Saint-Germain-des-Prés est un quartier snob, c’est vrai… Vous aussi, soyez la quintessence de ce Parisien légèrement agaçant mais qui fait tant rêver…
- 1. Ne saluez jamais quelqu’un en premier. L’habitant du sixième aime avoir l’ascendant. L’une de ses règles d’or ? Ne jamais reconnaître une personne avant que celle-ci ne se soit avancée vers lui. Cela instaure alors un subtil rapport de force en sa faveur. En pratique : c’est à qui dégaine un bonjour en… dernier. L’attitude se travaille. Si vous croisez une connaissance dans la rue, plissez les yeux et regardez au loin, comme si vous étiez absent à vous-même. On doit vous mériter pour vous approcher.
- 2. Quand on vous demande où vous habitez, bannissez les mots « sixième arrondissement » qui font plouc et contractez au maximum l’information de poids que vous livrerez. Répondez sobrement – non sans avoir marqué un petit temps de fausse pudeur – « Le 6 ». À 13 000 € du mètre carré en moyenne, croyez-nous, vous ferez votre petit effet.
- 3. Au rayon courses alimentaires, restez ferme sur les principes de base. Auchan ? Une enseigne dont vous avez déjà entendu parler, pas plus. Carrefour City ? Une légende urbaine que vous ignorez. L’épicerie du Bon Marché et son panier de la ménagère à 300 € minimum ? Voilà, merci, c’est bien là votre QG pour acheter les ingrédients de première nécessité. Quoi, ça n’existe pas dans les autres arrondissements ? Feignez la surprise tout en arborant un petit air de pitié.
- 4. Employez à gogo l’expression « on va chez Casto ». Si certains nigauds hors les murs pensent que vous parlez de l’enseigne Castorama, tant mieux, vous faites le tri. Car vous savez bien, vous, que vous donnez rendez-vous chez Castel.
- 5. « Flore », «Deux Magots » ou «Bonaparte » ? Une fois cette trilogie posée, réfléchissez un bon quinze minutes sans respirer, la mine grave, avant de livrer une réponse. C’est votre dilemme journalier. Votre croix. Et une problématique qui fera des envieux, bien sûr.
- 6. « J’ai horreur du shopping » doit être votre profession de foi.
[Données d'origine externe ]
text \<open>Joining each vertex other than v to a neighbour closer to v gives distinct edges.\<close>

lemma card_comp_vertices_le:
  assumes wf: "wf_mgraph G"
  shows "card (comp_vertices G v) \<le> num_edges (component G v) + 1"
proof -
  define C where "C = comp_vertices G v"
  have finC: "finite C" using wf by (auto simp: C_def comp_vertices_def wf_mgraph_def)
  define parent where
    "parent u = (SOME w. adjacent G w u \<and> (adjacent G)\<^sup>*\<^sup>* v w \<and> hop_dist G v w < hop_dist G v u)" for u
  have parent: "adjacent G (parent u) u" "(adjacent G)\<^sup>*\<^sup>* v (parent u)"
      "hop_dist G v (parent u) < hop_dist G v u" if "u \<in> C - {v}" for u
    using someI_ex[OF hop_dist_parent] that unfolding parent_def C_def comp_vertices_def by auto
  define edge where "edge u = Upair (parent u) u" for u
  have "inj_on edge (C - {v})"
  proof (rule inj_onI)
    fix u u' assume u: "u \<in> C - {v}" and u': "u' \<in> C - {v}" and e: "edge u = edge u'"
    show "u = u'"
    proof (rule ccontr)
      assume "u \<noteq> u'"
      then have "parent u = u'" "parent u' = u" using e by (auto simp: edge_def)
      then show False using parent(3)[OF u] parent(3)[OF u'] by simp
    qed
  qed
  moreover have "edge ` (C - {v}) \<subseteq> set_mset (snd (component G v))"
  proof
    fix e assume "e \<in> edge ` (C - {v})"
    then obtain u where u: "u \<in> C - {v}" "e = edge u" by blast
    have "parent u \<in> fst G" using parent(1)[OF u(1)] wf by (auto simp: adjacent_def wf_mgraph_def)
    then have "parent u \<in> C" using parent(2)[OF u(1)] by (simp add: C_def comp_vertices_def)
    then show "e \<in> set_mset (snd (component G v))"
      using parent(1)[OF u(1)] u by (auto simp: edge_def component_def adjacent_def C_def)
  qed
  ultimately have "card (C - {v}) \<le> card (set_mset (snd (component G v)))"
    by (simp add: card_inj_on_le)
  also have "\<dots> \<le> num_edges (component G v)" by (simp add: num_edges_def card_set_mset_le_size)
  finally have "card (C - {v}) \<le> num_edges (component G v)" .
  moreover have "card C \<le> card (C - {v}) + 1" using finC by (cases "v \<in> C") (simp_all add: card_Diff_singleton_if)
  ultimately show ?thesis unfolding C_def by linarith
qed

section \<open>The configuration graph of an involution\<close>

locale config_graphs =
  fixes n :: nat and S :: "(nat \<times> nat) set"
  assumes finite_S: "finite S" and vertex_bound: "\<And>x. x \<in> S \<Longrightarrow> fst x < n"
begin

definition graph_of :: "(nat \<times> nat \<Rightarrow> nat \<times> nat) \<Rightarrow> mgraph" where
  "graph_of f = config_graph n (matching_of S f)"

definition comp_of :: "(nat \<times> nat \<Rightarrow> nat \<times> nat) \<Rightarrow> nat \<Rightarrow> nat set" where
  "comp_of f v = comp_vertices (graph_of f) v"

lemma fst_graph_of [simp]: "fst (graph_of f) = {..<n}"
  by (simp add: graph_of_def config_graph_def)

lemma finite_matching_of: "finite (matching_of S f)"
  using finite_S by (simp add: matching_of_def)

lemma edge_of_pair_partner:
  assumes "f \<in> fpf_involutions S" "x \<in> S"
  shows "edge_of_pair {x, f x} = Upair (fst x) (fst (f x))"
  using edge_of_pair_doubleton fpf_involutionsD[OF assms] by metis

lemma set_edges_graph_of:
  assumes f: "f \<in> fpf_involutions S"
  shows "set_mset (snd (graph_of f)) = (\<lambda>x. Upair (fst x) (fst (f x))) ` S"
proof -
  have "set_mset (snd (graph_of f)) = edge_of_pair ` matching_of S f"
    using finite_matching_of by (simp add: graph_of_def config_graph_def)
  also have "\<dots> = (\<lambda>x. Upair (fst x) (fst (f x))) ` S"
    using edge_of_pair_partner[OF f] by (force simp: matching_of_def image_image)
  finally show ?thesis .
qed

lemma adjacent_graph_of:
  assumes f: "f \<in> fpf_involutions S"
  shows "adjacent (graph_of f) u w \<longleftrightarrow> (\<exists>x\<in>S. fst x = u \<and> fst (f x) = w)"
proof
  assume "adjacent (graph_of f) u w"
  then obtain x where x: "x \<in> S" "Upair u w = Upair (fst x) (fst (f x))"
    using set_edges_graph_of[OF f] by (auto simp: adjacent_def)
  then have "fst x = u \<and> fst (f x) = w \<or> fst (f x) = u \<and> fst (f (f x)) = w"
    using fpf_involutionsD[OF f x(1)] by auto
  then show "\<exists>x\<in>S. fst x = u \<and> fst (f x) = w" using x(1) fpf_involutionsD[OF f x(1)] by blast
next
  assume "\<exists>x\<in>S. fst x = u \<and> fst (f x) = w"
  then show "adjacent (graph_of f) u w" using set_edges_graph_of[OF f] by (force simp: adjacent_def)
qed

lemma wf_graph_of:
  assumes f: "f \<in> fpf_involutions S"
  shows "wf_mgraph (graph_of f)"
  using set_edges_graph_of[OF f] vertex_bound fpf_involutionsD[OF f] by (auto simp: wf_mgraph_def)

lemma rtranclp_adjacent_graph_of_sym:
  assumes f: "f \<in> fpf_involutions S" and "(adjacent (graph_of f))\<^sup>*\<^sup>* u w"
  shows "(adjacent (graph_of f))\<^sup>*\<^sup>* w u"
  using assms(2)
proof (induction rule: rtranclp_induct)
  case base
  then show ?case by simp
next
  case (step y z)
  then have "adjacent (graph_of f) z y"
    using adjacent_graph_of[OF f] fpf_involutionsD[OF f] by metis
  then show ?case using step(3) by (meson converse_rtranclp_into_rtranclp)
qed

lemma comp_of_less: "u \<in> comp_of f w \<Longrightarrow> u < n"
  by (auto simp: comp_of_def comp_vertices_def)

lemma comp_of_self: "w < n \<Longrightarrow> w \<in> comp_of f w"
  by (simp add: comp_of_def comp_vertices_def)

lemma comp_of_sym:
  assumes f: "f \<in> fpf_involutions S" and u: "u \<in> comp_of f w" and w: "w < n"
  shows "w \<in> comp_of f u"
  using u w rtranclp_adjacent_graph_of_sym[OF f] by (auto simp: comp_of_def comp_vertices_def)

lemma comp_of_eq:
  assumes f: "f \<in> fpf_involutions S" and u: "u \<in> comp_of f w" and w: "w < n"
  shows "comp_of f u = comp_of f w" "component (graph_of f) u = component (graph_of f) w"
proof -
  have r: "(adjacent (graph_of f))\<^sup>*\<^sup>* w u" using u by (auto simp: comp_of_def comp_vertices_def)
  have r': "(adjacent (graph_of f))\<^sup>*\<^sup>* u w" using rtranclp_adjacent_graph_of_sym[OF f r] .
  show "comp_of f u = comp_of f w"
    using r r' by (auto simp: comp_of_def comp_vertices_def intro: rtranclp_trans)
  then show "component (graph_of f) u = component (graph_of f) w"
    by (simp add: component_def comp_of_def)
qed

lemma comp_of_partner:
  assumes f: "f \<in> fpf_involutions S" and x: "x \<in> S" and c: "fst x \<in> comp_of f w"
  shows "fst (f x) \<in> comp_of f w"
proof -
  have "adjacent (graph_of f) (fst x) (fst (f x))" using adjacent_graph_of[OF f] x by blast
  moreover have "fst (f x) < n" using vertex_bound fpf_involutionsD[OF f x] by blast
  ultimately show ?thesis
    using c by (auto simp: comp_of_def comp_vertices_def intro: rtranclp.rtrancl_into_rtrancl)
qed

lemma component_graph_of:
  "snd (component (graph_of f) w) = image_mset edge_of_pair
     (mset_set {e \<in> matching_of S f. set_uprod (edge_of_pair e) \<subseteq> comp_of f w})"
  by (simp add: component_def comp_of_def graph_of_def config_graph_def filter_mset_image_mset
      finite_matching_of)

lemma matching_of_within:
  assumes f: "f \<in> fpf_involutions S"
  shows "{e \<in> matching_of S f. set_uprod (edge_of_pair e) \<subseteq> C}
           = (\<lambda>x. {x, f x}) ` {x \<in> S. fst x \<in> C \<and> fst (f x) \<in> C}"
  using edge_of_pair_partner[OF f] by (auto simp: matching_of_def)

lemma reachable_iff_if_agree:
  assumes f: "f \<in> fpf_involutions S" and g: "g \<in> fpf_involutions S"
    and agree: "\<And>x. x \<in> S \<Longrightarrow> fst x \<in> comp_of f w \<Longrightarrow> g x = f x"
  shows "(adjacent (graph_of g))\<^sup>*\<^sup>* w u \<longleftrightarrow> (adjacent (graph_of f))\<^sup>*\<^sup>* w u"
proof
  assume "(adjacent (graph_of g))\<^sup>*\<^sup>* w u"
  then show "(adjacent (graph_of f))\<^sup>*\<^sup>* w u"
  proof (induction rule: rtranclp_induct)
    case (step y z)
    obtain x where x: "x \<in> S" "fst x = y" "fst (g x) = z"
      using step(2) adjacent_graph_of[OF g] by blast
    have "y \<in> comp_of f w"
      using step(3) x vertex_bound[OF x(1)] by (auto simp: comp_of_def comp_vertices_def)
    then have "adjacent (graph_of f) y z" using agree x adjacent_graph_of[OF f] by metis
    then show ?case using step(3) by (meson rtranclp.rtrancl_into_rtrancl)
  qed simp
next
  assume "(adjacent (graph_of f))\<^sup>*\<^sup>* w u"
  then show "(adjacent (graph_of g))\<^sup>*\<^sup>* w u"
  proof (induction rule: rtranclp_induct)
    case (step y z)
    obtain x where x: "x \<in> S" "fst x = y" "fst (f x) = z"
      using step(2) adjacent_graph_of[OF f] by blast
    have "y \<in> comp_of f w"
      using step(1) x vertex_bound[OF x(1)] by (auto simp: comp_of_def comp_vertices_def)
    then have "adjacent (graph_of g) y z" using agree x adjacent_graph_of[OF g] by metis
    then show ?case using step(3) by (meson rtranclp.rtrancl_into_rtrancl)
  qed simp
qed

lemma comp_of_agree:
  assumes f: "f \<in> fpf_involutions S" and g: "g \<in> fpf_involutions S"
    and agree: "\<And>x. x \<in> S \<Longrightarrow> fst x \<in> comp_of f w \<Longrightarrow> g x = f x"
  shows "comp_of g w = comp_of f w" "component (graph_of g) w = component (graph_of f) w"
proof -
  show comp_eq: "comp_of g w = comp_of f w"
    using reachable_iff_if_agree[OF f g agree] by (auto simp: comp_of_def comp_vertices_def)
  let ?C = "comp_of f w"
  have "(\<lambda>x. {x, g x}) ` {x \<in> S. fst x \<in> ?C \<and> fst (g x) \<in> ?C}
          = (\<lambda>x. {x, f x}) ` {x \<in> S. fst x \<in> ?C \<and> fst (f x) \<in> ?C}"
    using agree by (intro image_cong) auto
  then have "{e \<in> matching_of S g. set_uprod (edge_of_pair e) \<subseteq> ?C}
               = {e \<in> matching_of S f. set_uprod (edge_of_pair e) \<subseteq> ?C}"
    unfolding matching_of_within[OF f] matching_of_within[OF g] .
  then have "snd (component (graph_of g) w) = snd (component (graph_of f) w)"
    by (simp add: component_graph_of comp_eq)
  moreover have "fst (component (graph_of g) w) = fst (component (graph_of f) w)"
    using comp_eq by (simp add: component_def comp_of_def)
  ultimately show "component (graph_of g) w = component (graph_of f) w" by (simp add: prod_eq_iff)
qed

definition comp_half_edges :: "(nat \<times> nat \<Rightarrow> nat \<times> nat) \<Rightarrow> nat \<Rightarrow> (nat \<times> nat) set" where
  "comp_half_edges f v = {x \<in> S. fst x \<in> comp_of f v}"

definition fiber :: "nat \<Rightarrow> (nat \<times> nat \<Rightarrow> nat \<times> nat) \<Rightarrow> (nat \<times> nat \<Rightarrow> nat \<times> nat) set" where
  "fiber v f = {g \<in> fpf_involutions S. \<forall>x\<in>comp_half_edges f v. g x = f x}"

lemma fiber_self: "f \<in> fpf_involutions S \<Longrightarrow> f \<in> fiber v f"
  by (simp add: fiber_def)

lemma fiber_comp:
  assumes f: "f \<in> fpf_involutions S" and g: "g \<in> fiber v f"
  shows "comp_of g v = comp_of f v" "component (graph_of g) v = component (graph_of f) v"
    "fiber v g = fiber v f"
proof -
  have gi: "g \<in> fpf_involutions S" and agree: "\<forall>x\<in>comp_half_edges f v. g x = f x"
    using g by (auto simp: fiber_def)
  then show c: "comp_of g v = comp_of f v" "component (graph_of g) v = component (graph_of f) v"
    using comp_of_agree[OF f gi] by (auto simp: comp_half_edges_def)
  then have "comp_half_edges g v = comp_half_edges f v" by (simp add: comp_half_edges_def)
  then show "fiber v g = fiber v f" using agree by (auto simp: fiber_def)
qed

lemma comp_half_edges_partner:
  assumes f: "f \<in> fpf_involutions S" and x: "x \<in> comp_half_edges f v"
  shows "f x \<in> comp_half_edges f v"
  using x comp_of_partner[OF f] fpf_involutionsD(1)[OF f] by (simp add: comp_half_edges_def)

lemma num_edges_component_eq_length:
  assumes f: "f \<in> fpf_involutions S" and ok: "disjoint_pairs S xs"
    and xs: "pair_elems xs = comp_half_edges f v" "\<forall>p\<in>set xs. f (fst p) = snd p"
  shows "num_edges (component (graph_of f) v) = length xs"
proof -
  have partner: "{q, f q} = {fst p, snd p}" if "p \<in> set xs" "q = fst p \<or> q = snd p" for p q
  proof -
    have p: "fst p \<in> S" using ok fst_in_pair_elems[OF that(1)] by (auto simp: disjoint_pairs_def)
    have "f (fst p) = snd p" using that(1) xs(2) by blast
    moreover from this have "f (snd p) = fst p" using fpf_involutionsD(3)[OF f p] by simp
    ultimately show ?thesis using that(2) by auto
  qed
  have "{x \<in> S. fst x \<in> comp_of f v \<and> fst (f x) \<in> comp_of f v} = pair_elems xs"
    using xs(1) comp_of_partner[OF f] by (auto simp: comp_half_edges_def)
  moreover have "(\<lambda>x. {x, f x}) ` pair_elems xs = (\<lambda>p. {fst p, snd p}) ` set xs"
  proof (intro equalityI subsetI)
    fix e assume "e \<in> (\<lambda>x. {x, f x}) ` pair_elems xs"
    then obtain q where "q \<in> pair_elems xs" "e = {q, f q}" by blast
    moreover from this obtain p where "p \<in> set xs" "q = fst p \<or> q = snd p"
      by (auto simp: pair_elems_iff)
    ultimately show "e \<in> (\<lambda>p. {fst p, snd p}) ` set xs" using partner by blast
  next
    fix e assume "e \<in> (\<lambda>p. {fst p, snd p}) ` set xs"
    then obtain p where "p \<in> set xs" "e = {fst p, snd p}" by blast
    then show "e \<in> (\<lambda>x. {x, f x}) ` pair_elems xs"
      using partner[of p "fst p"] fst_in_pair_elems by blast
  qed
  ultimately have "{e \<in> matching_of S f. set_uprod (edge_of_pair e) \<subseteq> comp_of f v}
                     = (\<lambda>p. {fst p, snd p}) ` set xs"
    by (simp add: matching_of_within[OF f])
  then show ?thesis
    using disjoint_pairs_inj[OF ok]
    by (simp add: num_edges_def component_graph_of card_image distinct_card)
qed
N’hésitez pas à pester contre l’invasion des touristes – acheteurs dans le quartier – et à regretter « la bohème », en brocardant à voix haute la société de consommation. Argumentez, même : « quand on habite ici, ça change en négatif la sociologie du lieu jadis réservé aux intellectuels ». Il va de soi que vous courez acheter vos sacs de luxe au Bon Marché, vos cashmeres chez Victoire et vos escarpins rue de Grenelle, en toute discrétion. Officiellement, vous êtes au-dessus de ça. Officieusement, vous claquez tout votre salaire à la boutique Margiella. Mais qui doit savoir ça ? Personne.
Allez, à bientôt dans le « 6 » et cessez de nous remercier pour ces tuyaux, vous allez faire province.